Generic v/s Branded:

  • This is the situation in India’s over-the-counter sales, where a salesperson holds the authority to determine the brand of generic medicine (pharmacological compound) to be provided to a patient.
  • The prescribing doctor is restricted from specifying their preferred brand, in which they have confidence regarding quality.
  • On August 3, 2023, the National Medical Council (NMC) issued a directive requiring doctors to prescribe only generic names, leading to protests.
  • The avoidance of brand names is due to the perceived high costs associated with many brands, while generic names are more economical.
  • In 1975, the Hathi Committee advocated for the gradual elimination of all brand names. The notion that only certain renowned and branded companies maintain quality is a misconception perpetuated by prominent pharmaceutical companies, employing expensive propaganda and unethical marketing techniques.
  • There is a suspected collaboration between pharmaceutical companies and doctors, potentially leading to unethical practices such as accepting marketing incentives, promotions, or kickbacks.
  • However, the Indian Medical Association and affiliated professional organizations of specialists assert that enhancing access to affordable medicines is part of their ethical commitment to patients.
  • The success and reputation of a doctor in providing effective treatment rely on the reliability of the quantity and quality of the active pharmaceutical ingredient present in a tablet, syrup, or injection available at a pharmacy.

Quality of Drugs:

  • Ensuring 100% quality-tested drugs is imperative for patient safety, as even a 5% failure rate is deemed unacceptable.
  • The government is urged to implement stringent quality control measures, including periodic sampling and testing, banning substandard batches, and taking punitive actions against defaulting manufacturers.
  • Adopting the approach of the Tamil Nadu Medical Services Corporation Limited could be beneficial.

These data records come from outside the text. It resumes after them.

(* Let $\psi:\mathcal{Q}\to\mathcal{P}$ be a full upper semilattice morphism with $\mathcal{Q}$ finite and $\uparrow\psi(\mathcal{Q})=\mathcal{P}$. For all $A,B\subseteq\mathcal{Q}$ such that every $b\in B$ satisfies $a\le b$ for some $a\in A$, we have \[ \mathrm{Lan}_\psi\big(\mathbb{k}_{\uparrow A\setminus\uparrow B}\big)\cong\mathbb{k}_{\uparrow\psi(A)\setminus\uparrow\psi(B)}, \] where upsets are taken in $\mathcal{Q}$ and $\mathcal{P}$ respectively. In particular, $\mathrm{Lan}_\psi$ maps spread-decomposable representations to spread-decomposable representations.
   Context: Fix a field $\mathbb{k}$. Upper semilattice, full morphism, upper semilattice morphism as usual (joins of finite nonempty sets exist/are preserved; $\psi(q)\le\psi(q')\Rightarrow q\le q'$). $\uparrow X=\{p:\exists x\in X,x\le p\}$. For convex $S$ (i.e. $s\le p\le s'$ with $s,s'\in S$ implies $p\in S$), $\mathbb{k}_S$ is the indicator representation. $\mathrm{Lan}_\psi:\operatorname{rep}\mathcal{Q}\to\operatorname{rep}\mathcal{P}$ is the left adjoint of restriction $M\mapsto M\circ\psi$, and equals precomposition with $\lfloor-\rfloor_\psi$, where $\lfloor p\rfloor_\psi=\bigvee\{q:\psi(q)\le p\}$. A spread is a nonempty convex, zigzag-connected subset; a representation is spread-decomposable if it is isomorphic to a finite direct sum of finitely presented spread representations $\mathbb{k}_S$. *)

theory Defs
  imports Complex_Main "HOL-Library.Function_Algebras"
begin

definition up :: "'a::order set \<Rightarrow> 'a set" where
  "up X = {p. \<exists>x\<in>X. x \<le> p}"

definition poset_convex :: "'a::order set \<Rightarrow> bool" where
  "poset_convex S \<longleftrightarrow> (\<forall>s\<in>S. \<forall>t\<in>S. \<forall>p. s \<le> p \<and> p \<le> t \<longrightarrow> p \<in> S)"
(* Let $n\ge0$ and let $a_1,\dots,a_{n+1},b_1,\dots,b_n$ be nonzero integers; let $s=[2a_1,2b_1,2a_2,2b_2,\dots,2a_n,2b_n,2a_{n+1}]$, let $k\ne0$ be an integer, and let $$r=[2a_1,2b_1,\dots,2b_n,2a_{n+1},\,2k,\,-2a_{n+1},-2b_n,\dots,-2b_1,-2a_1].$$ Then $K(s)$ and $K(r)$ are 2-component 2-bridge links, and their two-variable Alexander polynomials satisfy $$\Delta_{K(r)}(x,y)=\varepsilon\,x^iy^j\,k\,(x-1)(y-1)\,\big[\Delta_{K(s)}(x,y)\big]^2$$ for some $\varepsilon\in\{\pm1\}$ and integers $i,j$. Consequently $\Delta_{K(r)}(x,y)$ has no zero $(x,y)$ with $\operatorname{Im}x>0$ and $\operatorname{Im}y>0$ if and only if the same holds for $\Delta_{K(s)}(x,y)$.
   Context: Two-variable Alexander polynomial convention: for $m\in\mathbb Z$ put $G_m=\frac{x^m-y^m}{x-y}$ for $m>0$, $G_0=0$, $G_{-m}=-(xy)^{-m}G_m$ for $m>0$. For $s=[2a_1,2b_1,\dots,2a_N,2b_N,2a_{N+1}]$ the two-variable Alexander polynomial of the 2-bridge link $K(s)$ (oriented as in the standard convention) is, up to units $\pm x^iy^j$, $$\Delta_{K(s)}(x,y)=\sum b_{j_1}\cdots b_{j_m}(x-1)^m(y-1)^mG_{\mu_1}\cdots G_{\mu_{m+1}},$$ the sum over all subsets $\{j_1<\dots<j_m\}\subseteq\{1,\dots,N\}$ ($0\le m\le N$), where $\mu_1=a_1+\dots+a_{j_1}$, $\mu_l=a_{j_{l-1}+1}+\dots+a_{j_l}$, and $\mu_{m+1}=a_{j_m+1}+\dots+a_{N+1}$. Here $K(s)$ is the 2-bridge link with rational number having even continued fraction expansion $1/(s_1-1/(s_2-\cdots))$. *)

theory Defs
  imports Complex_Main
begin
lemma Gact_in_Gcar:
  assumes g: "g \<in> (Gcar p :: 'a G_elt set)"
  shows "Gact p r k g \<in> Gcar p"
proof -
  have "\<exists>t. Gact p r k g a m = coset t (Jc p a m)" if a: "is_ideal a" for a m
  proof (cases "k \<le> m")
    case True
    define n where "n = m - k"
    with True have m: "m = n + k"
      by simp
    obtain r0 where "g a n = coset r0 (Jc p a n)"
      using g a unfolding Gcar_def by blast
    then show ?thesis
      using Gact_coset[OF a] unfolding m by blast
  next
    case False
    then have "Gact p r k g a m = coset 0 (Jc p a m)"
      unfolding Gact_def by (simp add: coset_zero)
    then show ?thesis ..
  qed
  moreover have "finite {(a, m). Gact p r k g a m \<noteq> Jc p a m}"
    using g finite_subset[OF Gact_support_subset] unfolding Gcar_def by blast
  moreover have "Gact p r k g a m = Jc p a m" if "\<not> is_ideal a" for a m
    using that unfolding Gact_def by simp
  ultimately show ?thesis
    unfolding Gcar_def by blast
qed

lemma Gann_subset_Gcar: "Gann p bs \<subseteq> Gcar p"
  unfolding Gann_def by blast

lemma Gzero_in_Gann: "Gzero p \<in> Gann p (\<lambda>n. (B::'a set))"
  unfolding Gann_def
proof (intro CollectI conjI Gzero_in_Gcar allI ballI)
  fix n r
  show "Gact p r n (Gzero p) = (Gzero p :: 'a G_elt)"
  proof (rule Gact_eq_GzeroI[OF Gzero_in_Gcar])
    fix a :: "'a set" and m s
    assume "s \<in> Gzero p a m"
    then show "r * s ^ (p ^ n) \<in> Jc p a (m + n)"
      unfolding Gzero_def by (rule ideal_mult_left[OF is_ideal_Jc power_mem_Jc])
  qed
qed
lemma curve_iff_cayley_mean:
  assumes l: "\<bar>l\<bar> < 1"
  shows "(u, w) \<in> curve l \<longleftrightarrow> \<bar>u\<bar> < 1 \<and> \<bar>w\<bar> < 1 \<and> cayley u + cayley w = 2 * cayley l"
proof
  assume "(u, w) \<in> curve l"
  then show "\<bar>u\<bar> < 1 \<and> \<bar>w\<bar> < 1 \<and> cayley u + cayley w = 2 * cayley l"
    using l by (auto simp: curve_def abs_less_iff cayley_f)
next
  assume "\<bar>u\<bar> < 1 \<and> \<bar>w\<bar> < 1 \<and> cayley u + cayley w = 2 * cayley l"
  then have u: "\<bar>u\<bar> < 1" and w: "\<bar>w\<bar> < 1" and cw: "cayley w = 2 * cayley l - cayley u"
    by auto
  have D: "0 < (1 - l) * (1 - u)"
    using l u by (simp add: abs_less_iff)
  \<comment> \<open>On the line \<open>2 u = 1 + l\<close> the mean condition would force \<open>cayley w = -1\<close>.\<close>
  have "2 * u \<noteq> 1 + l"
  proof
    assume "2 * u = 1 + l"
    then have "(1 + 3 * l) - (3 + l) * u = - ((1 - l) * (1 - u))"
      by (simp add: algebra_simps)
    then have "cayley w = -1"
      using cw D l u by (simp add: two_cayley_minus_cayley abs_less_iff)
    then show False
      using w cayley_pos_iff[of w] by simp
  qed
  then have "cayley (f l u) = cayley w"
    using cw l u by (simp add: cayley_f abs_less_iff)
  moreover from this have "\<bar>f l u\<bar> < 1"
    using w by (simp add: cayley_pos_iff[symmetric])
  ultimately have "w = f l u"
    using w cayley_eq_cayley_iff by blast
  then show "(u, w) \<in> curve l"
    using u w \<open>2 * u \<noteq> 1 + l\<close> by (simp add: curve_def abs_less_iff)
qed

lemma curve_decreasing:
  assumes l: "\<bar>l\<bar> < 1" and "(u1, w1) \<in> curve l" "(u2, w2) \<in> curve l" and "u1 < u2"
  shows "w2 < w1"
proof -
  have "\<bar>u1\<bar> < 1" "\<bar>w1\<bar> < 1" "cayley u1 + cayley w1 = 2 * cayley l"
    and "\<bar>u2\<bar> < 1" "\<bar>w2\<bar> < 1" "cayley u2 + cayley w2 = 2 * cayley l"
    using assms(2,3) unfolding curve_iff_cayley_mean[OF l] by auto
  moreover from calculation have "cayley u1 < cayley u2"
    using \<open>u1 < u2\<close> cayley_less_cayley_iff by blast
  ultimately show ?thesis
    using cayley_less_cayley_iff[of w2 w1] by linarith
qed

lemma curve_diagonal:
  assumes l: "\<bar>l\<bar> < 1" shows "{u. (u, u) \<in> curve l} = {l}"
proof -
  have "(u, u) \<in> curve l \<longleftrightarrow> u = l" for u
    using curve_iff_cayley_mean[OF l, of u u] cayley_eq_cayley_iff[OF _ l, of u] l by auto
  then show ?thesis
    by blast
qed

theorem theorem3p6:
  shows "(\<forall>l\<in>{-1<..<1}. \<forall>u\<in>{-1<..<1}. \<forall>w\<in>{-1<..<1}.
            disk_conjugate (B2 u w) (B1 l) \<longleftrightarrow> (u, w) \<in> curve l)
       \<and> (\<forall>l1\<in>{-1<..<1}. \<forall>l2\<in>{-1<..<1}. l1 \<noteq> l2 \<longrightarrow> curve l1 \<noteq> curve l2)
       \<and> (\<forall>l\<in>{-1<..<1}. \<forall>u1 w1 u2 w2. (u1, w1) \<in> curve l \<longrightarrow> (u2, w2) \<in> curve l \<longrightarrow>
            u1 < u2 \<longrightarrow> w2 < w1)
       \<and> (\<forall>l\<in>{-1<..<1}. {u. (u, u) \<in> curve l} = {l})"
proof (intro conjI ballI allI impI)
  fix l u w :: real assume "l \<in> {-1<..<1}" "u \<in> {-1<..<1}" "w \<in> {-1<..<1}"
  then have "\<bar>l\<bar> < 1" "\<bar>u\<bar> < 1" "\<bar>w\<bar> < 1"
    by (simp_all add: abs_less_iff)
  then show "disk_conjugate (B2 u w) (B1 l) \<longleftrightarrow> (u, w) \<in> curve l"
    by (simp add: disk_conjugate_B2_B1_iff curve_iff_cayley_mean)
next
  fix l1 l2 :: real assume "l1 \<in> {-1<..<1}" "l2 \<in> {-1<..<1}" "l1 \<noteq> l2"
  then have "{u. (u, u) \<in> curve l1} \<noteq> {u. (u, u) \<in> curve l2}"
    using curve_diagonal[of l1] curve_diagonal[of l2] by (simp add: abs_less_iff)
  then show "curve l1 \<noteq> curve l2"
    by auto
next
  fix l u1 w1 u2 w2 :: real
  assume "l \<in> {-1<..<1}" "(u1, w1) \<in> curve l" "(u2, w2) \<in> curve l" "u1 < u2"
  then show "w2 < w1"
    using curve_decreasing[of l u1 w1 u2 w2] by (simp add: abs_less_iff)
next
  fix l :: real assume "l \<in> {-1<..<1}"
  then show "{u. (u, u) \<in> curve l} = {l}"
    using curve_diagonal[of l] by (simp add: abs_less_iff)
qed

end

In this practice, all medications supplied are placed in quarantine stock until double-blinded samples undergo clearance in quality testing conducted by both government and private sector laboratories. Only upon receiving a positive quality test report is the stock officially entered.
  • In the absence of concrete evidence ensuring the standard quality of all medicines in the market, some advocate allowing doctors to include the name of the trusted pharmaceutical company in their generic prescriptions.
  • This proposal aims to maintain quality control until the government can assure the market’s overall adherence to quality standards.

Other Concerns:

Additional concerns include the availability of essential medicines, unscientific combinations of medicines, and the need for monitoring the implementation of policies promoting free medicines and diagnostics under Universal Health Care. To achieve affordable medicines for all, measures like expanding Janaushadhi kendras, limiting profit margins for wholesalers and retailers, and banning unscientific medicine combinations are deemed necessary.

Conclusion:

Following protests by the Indian Medical Association, the NMC withdrew the order on ‘generic prescribing’ on August 23, 2023. However, this move is viewed as a step backward in achieving universal access to affordable generic medicines without brand names.